Ricordiamo peraltro che la materia della valorizzazione delle eccellenze è stata introdotta dalla legge 1 dell’11 gennaio 2007 e, dopo una prima fase sperimentale, è ora disciplinata dal decreto legislativo 262 del 29 dicembre 2007, spiega lo stesso Ministero dell’Istruzione, che, attraverso l’albo d’onore, istituito a livello nazionale, raccoglie i nominativi degli studenti meritevoli per dare loro visibilità e premi economici.

Perché valorizzare le eccellenze con una foto sui social?

Perché abbiamo scelto un canale che parli la lingua dei ragazzi e che, parlando la lingua dei ragazzi, possa comunicare loro il messaggio: studiare è cool!

La social identity

Educare al corretto uso degli strumenti digitali e dei social, infatti, significa anche insegnare a scegliere che immagine costruire di se stessi. Qualsiasi cosa postiamo contribuisce a costruire la nostra social identity – ormai è piuttosto chiaro – dunque perché non invitare i ragazzi a promuovere i risultati del proprio impegno scolastico?

L’eguaglianza di genere (gender equality)

E c’è di più, perché ci piace porre l’accento anche sulla questione di genere.

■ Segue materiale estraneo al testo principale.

(* Let $A\in\mathbb{R}^{n\times n}$ and $B\in\mathbb{R}^{m\times m}$, and define $C:=\operatorname{diag}(A,B)\in\mathbb{R}^{(n+m)\times(n+m)}$. Pick $k\in\{1,\dots,n+m\}$, let $r:=\binom{n+m}{k}$, $i_1:=\max\{0,k-n\}$ and $i_2:=\min\{m,k\}$. Then there exists a permutation matrix $P\in\mathbb{R}^{r\times r}$ such that \[ C^{(k)}=P\left(\operatorname{diag}_{i\in\{i_1,\dots,i_2\}}\big(A^{(k-i)}\otimes B^{(i)}\big)\right)P^{-1} \] and \[ C^{[k]}=P\left(\operatorname{diag}_{i\in\{i_1,\dots,i_2\}}\big(A^{[k-i]}\oplus B^{[i]}\big)\right)P^{-1}. \]
   Context: For $M\in\mathbb{R}^{p\times q}$ and $k\le\min\{p,q\}$, the $k$th multiplicative compound $M^{(k)}$ is the $\binom{p}{k}\times\binom{q}{k}$ matrix of all $k\times k$ minors of $M$, rows and columns indexed by increasing $k$-tuples of indices in lexicographic order. For square $M$, the $k$th additive compound is $M^{[k]}:=\frac{d}{dt}(\exp(Mt))^{(k)}\big|_{t=0}$. For square $M$, $M^{(0)}:=1$ and $M^{[0]}:=0$ (as $1\times1$ matrices). $\otimes$ is the Kronecker product, and the Kronecker sum of $X\in\mathbb{R}^{a\times a}$, $Y\in\mathbb{R}^{b\times b}$ is $X\oplus Y:=X\otimes I_b+I_a\otimes Y$. $\operatorname{diag}_{i\in\{i_1,\dots,i_2\}}(M_i)$ denotes the block-diagonal matrix with diagonal blocks $M_{i_1},M_{i_1+1},\dots,M_{i_2}$ in this order. *)

theory Defs
  imports "HOL-Analysis.Derivative" "Jordan_Normal_Form.Matrix" "Jordan_Normal_Form.Determinant"
begin

fun inc_tuples :: "nat \<Rightarrow> 'a list \<Rightarrow> 'a list list" where
  "inc_tuples 0 xs = [[]]"
| "inc_tuples (Suc k) [] = []"
| "inc_tuples (Suc k) (x # xs) = map ((#) x) (inc_tuples k xs) @ inc_tuples (Suc k) xs"

definition mult_compound :: "nat \<Rightarrow> real mat \<Rightarrow> real mat" where
  "mult_compound k M =
     (let I = inc_tuples k [0..<dim_row M]; J = inc_tuples k [0..<dim_col M]
      in mat (length I) (length J)
           (\<lambda>(i, j). det (mat k k (\<lambda>(a, b). M $$ (I ! i ! a, J ! j ! b)))))"

definition mat_exp :: "real \<Rightarrow> real mat \<Rightarrow> real mat" where
  "mat_exp t M = mat (dim_row M) (dim_col M)
     (\<lambda>(i, j). \<Sum>l. (t ^ l / fact l) * (M ^\<^sub>m l) $$ (i, j))"

definition add_compound :: "nat \<Rightarrow> real mat \<Rightarrow> real mat" where
  "add_compound k M =
     (let r = dim_row (mult_compound k M)
      in mat r r (\<lambda>(i, j). deriv (\<lambda>t. mult_compound k (mat_exp t M) $$ (i, j)) 0))"

definition kron :: "real mat \<Rightarrow> real mat \<Rightarrow> real mat" where
  "kron X Y = mat (dim_row X * dim_row Y) (dim_col X * dim_col Y)
     (\<lambda>(i, j). X $$ (i div dim_row Y, j div dim_col Y) * Y $$ (i mod dim_row Y, j mod dim_col Y))"

definition kron_sum :: "real mat \<Rightarrow> real mat \<Rightarrow> real mat" where
  "kron_sum X Y = kron X (1\<^sub>m (dim_row Y)) + kron (1\<^sub>m (dim_row X)) Y"

definition perm_mat :: "nat \<Rightarrow> real mat \<Rightarrow> bool" where
  "perm_mat r P \<longleftrightarrow> (\<exists>\<sigma>. \<sigma> permutes {..<r} \<and> P = mat r r (\<lambda>(i, j). if i = \<sigma> j then 1 else 0))"

end

theory Submission
  imports Defs
begin

text \<open>
  Split a \<open>k\<close>-subset of the indices of \<open>C = diag(A, B)\<close> into its \<open>k - i\<close> indices in the
  \<open>A\<close>-block and its \<open>i\<close> indices in the \<open>B\<close>-block. The minor of \<open>C\<close> with rows \<open>I\<close>
  and columns \<open>J\<close> vanishes unless \<open>I\<close> and \<open>J\<close> split with the same \<open>i\<close> (a zero
  off-diagonal block of the wrong shape), and otherwise it is the product of an \<open>A\<close>-minor
  and a \<open>B\<close>-minor. Listing the \<open>k\<close>-subsets by increasing \<open>i\<close> and, within a block,
  lexicographically by the pair (\<open>A\<close>-part, \<open>B\<close>-part), which is the row order of
  \<open>A^(k-i) \<otimes> B^(i)\<close>, therefore turns \<open>C^(k)\<close> into the block-diagonal
  matrix of the theorem; \<open>P\<close> is the permutation matrix comparing this order with the
  lexicographic one.

  Since \<open>exp(Ct) = diag(exp(At), exp(Bt))\<close>, the same reordering works for
  \<open>exp(Ct)^(k)\<close>. Differentiating its entries at \<open>t = 0\<close> with the product rule, and
  using that the compounds of \<open>exp(0) = I\<close> are identities, turns each Kronecker product of
  multiplicative compounds into the Kronecker sum of the additive ones.
\<close>

lemma length_inc_tuples: "length (inc_tuples k xs) = length xs choose k"
  by (induction k xs rule: inc_tuples.induct) auto

lemma set_inc_tuples:
  fixes xs :: "'a::linorder list"
  assumes "sorted_wrt (<) xs"
  shows "set (inc_tuples k xs) = {ys. sorted_wrt (<) ys \<and> length ys = k \<and> set ys \<subseteq> set xs}"
  using assms
proof (induction k xs rule: inc_tuples.induct)
  case (3 k x xs)
  have sx: "sorted_wrt (<) xs" and lt: "\<forall>y\<in>set xs. x < y" using "3.prems" by auto
  show ?case
  proof (intro Set.set_eqI iffI)
    fix ys assume "ys \<in> set (inc_tuples (Suc k) (x # xs))"
    then show "ys \<in> {ys. sorted_wrt (<) ys \<and> length ys = Suc k \<and> set ys \<subseteq> set (x # xs)}"
      using "3.IH"[OF sx] lt by fastforce
  next
    fix ys assume ys: "ys \<in> {ys. sorted_wrt (<) ys \<and> length ys = Suc k \<and> set ys \<subseteq> set (x # xs)}"
    then obtain y ys' where ys_eq: "ys = y # ys'" by (cases ys) auto
    show "ys \<in> set (inc_tuples (Suc k) (x # xs))"
    proof (cases "y = x")
      case True
      then have "set ys' \<subseteq> set xs" using ys ys_eq by auto
      then show ?thesis using "3.IH"(1)[OF sx] ys ys_eq True by auto
    next
      case False
      then have "y \<in> set xs" using ys ys_eq by auto
      then have "set ys \<subseteq> set xs" using ys ys_eq lt by (fastforce intro: less_trans)
      then show ?thesis using "3.IH"(2)[OF sx] ys by auto
    qed
  qed
qed auto

lemma mem_inc_tuples_upt:
  "ys \<in> set (inc_tuples k [0..<N]) \<longleftrightarrow> sorted_wrt (<) ys \<and> length ys = k \<and> set ys \<subseteq> {..<N}"
  by (subst set_inc_tuples) auto

lemma nth_inc_tuples_upt:
  assumes "x < N choose k"
  shows "sorted_wrt (<) (inc_tuples k [0..<N] ! x)" "length (inc_tuples k [0..<N] ! x) = k"
    "set (inc_tuples k [0..<N] ! x) \<subseteq> {..<N}"
  using nth_mem[of x "inc_tuples k [0..<N]"] assms
  by (simp_all add: length_inc_tuples mem_inc_tuples_upt)

lemma distinct_inc_tuples:
  fixes xs :: "'a::linorder list"
  assumes "sorted_wrt (<) xs"
  shows "distinct (inc_tuples k xs)"
  using assms
proof (induction k xs rule: inc_tuples.induct)
  case (3 k x xs)
  have sx: "sorted_wrt (<) xs" and lt: "\<forall>y\<in>set xs. x < y" using "3.prems" by auto
  have "x # ys \<notin> set (inc_tuples (Suc k) xs)" for ys
    using set_inc_tuples[OF sx] lt by auto
  then show ?case using "3.IH"[OF sx] by (auto simp: distinct_map)
qed auto

lemma length_concat_map_map: "length (concat (map (\<lambda>a. map (g a) ys) xs)) = length xs * length ys"
  by (induction xs) auto

lemma nth_concat_map_map:
  assumes "p < length xs * length ys"
  shows "concat (map (\<lambda>a. map (g a) ys) xs) ! p = g (xs ! (p div length ys)) (ys ! (p mod length ys))"
  using assms
proof (induction xs arbitrary: p)
  case (Cons x xs)
  show ?case
  proof (cases "p < length ys")
    case False
    then have "p - length ys < length xs * length ys" "0 < length ys" using Cons.prems by auto
    with False show ?thesis by (simp add: Cons.IH nth_append le_div_geq le_mod_geq)
  qed (simp add: nth_append)
qed auto

lemma nth_concat_map_obtain:
  assumes "p < length (concat (map L ks))"
  obtains j y where "j \<in> set ks" "y < length (L j)" "concat (map L ks) ! p = L j ! y"
proof -
  have "concat (map L ks) ! p \<in> set (concat (map L ks))" using assms by (rule nth_mem)
  then obtain j where "j \<in> set ks" "concat (map L ks) ! p \<in> set (L j)"
    unfolding set_concat set_map by blast
  then show ?thesis using that by (metis in_set_conv_nth)
qed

Nell’educazione all’eguaglianza di genere, dare spazio agli innumerevoli successi scolastici delle ragazze (spesso superiori, numericamente, a quelli dei ragazzi), ci sembra un modo plastico per ricordare che a fronte di carriere scolastiche di successo, le donne ancora oggi occupano ruoli subalterni nelle aziende e ricevono salari non adeguati, segno che i loro meriti vengono sottostimati rispetto a quelli dei colleghi uomini.

Ricordiamo in cosa consiste l’iniziativa

Tutti gli studenti che hanno concluso il secondo ciclo scolastico riportando la votazione di 100 o 100 e lode e che avessero voglia di dare visibilità ad un risultato eccellente, potranno dunque inviare alla casa editrice una propria foto (in formato digitale), che entrerà a pieno titolo nella galleria fotografica dei centisti della Tecnica della Scuola, sia sul portale tecnicadellascuola.it sia sui profili social, Facebook, Instagram e Twitter.

Segnaliamo anche che la redazione del quotidiano scolastico si riserva di contattare e intervistare gli studenti che dovessero emergere per avere conquistato il massimo dei voti in circostanze o in contesti difficili oppure che abbiano centrato l’obiettivo attraverso vicende o percorsi particolari. A questo proposito invitiamo i diretti interessati a segnalare alla stessa redazione giornalistica tali eventuali situazioni venutesi a determinare per meritare 100 su 100.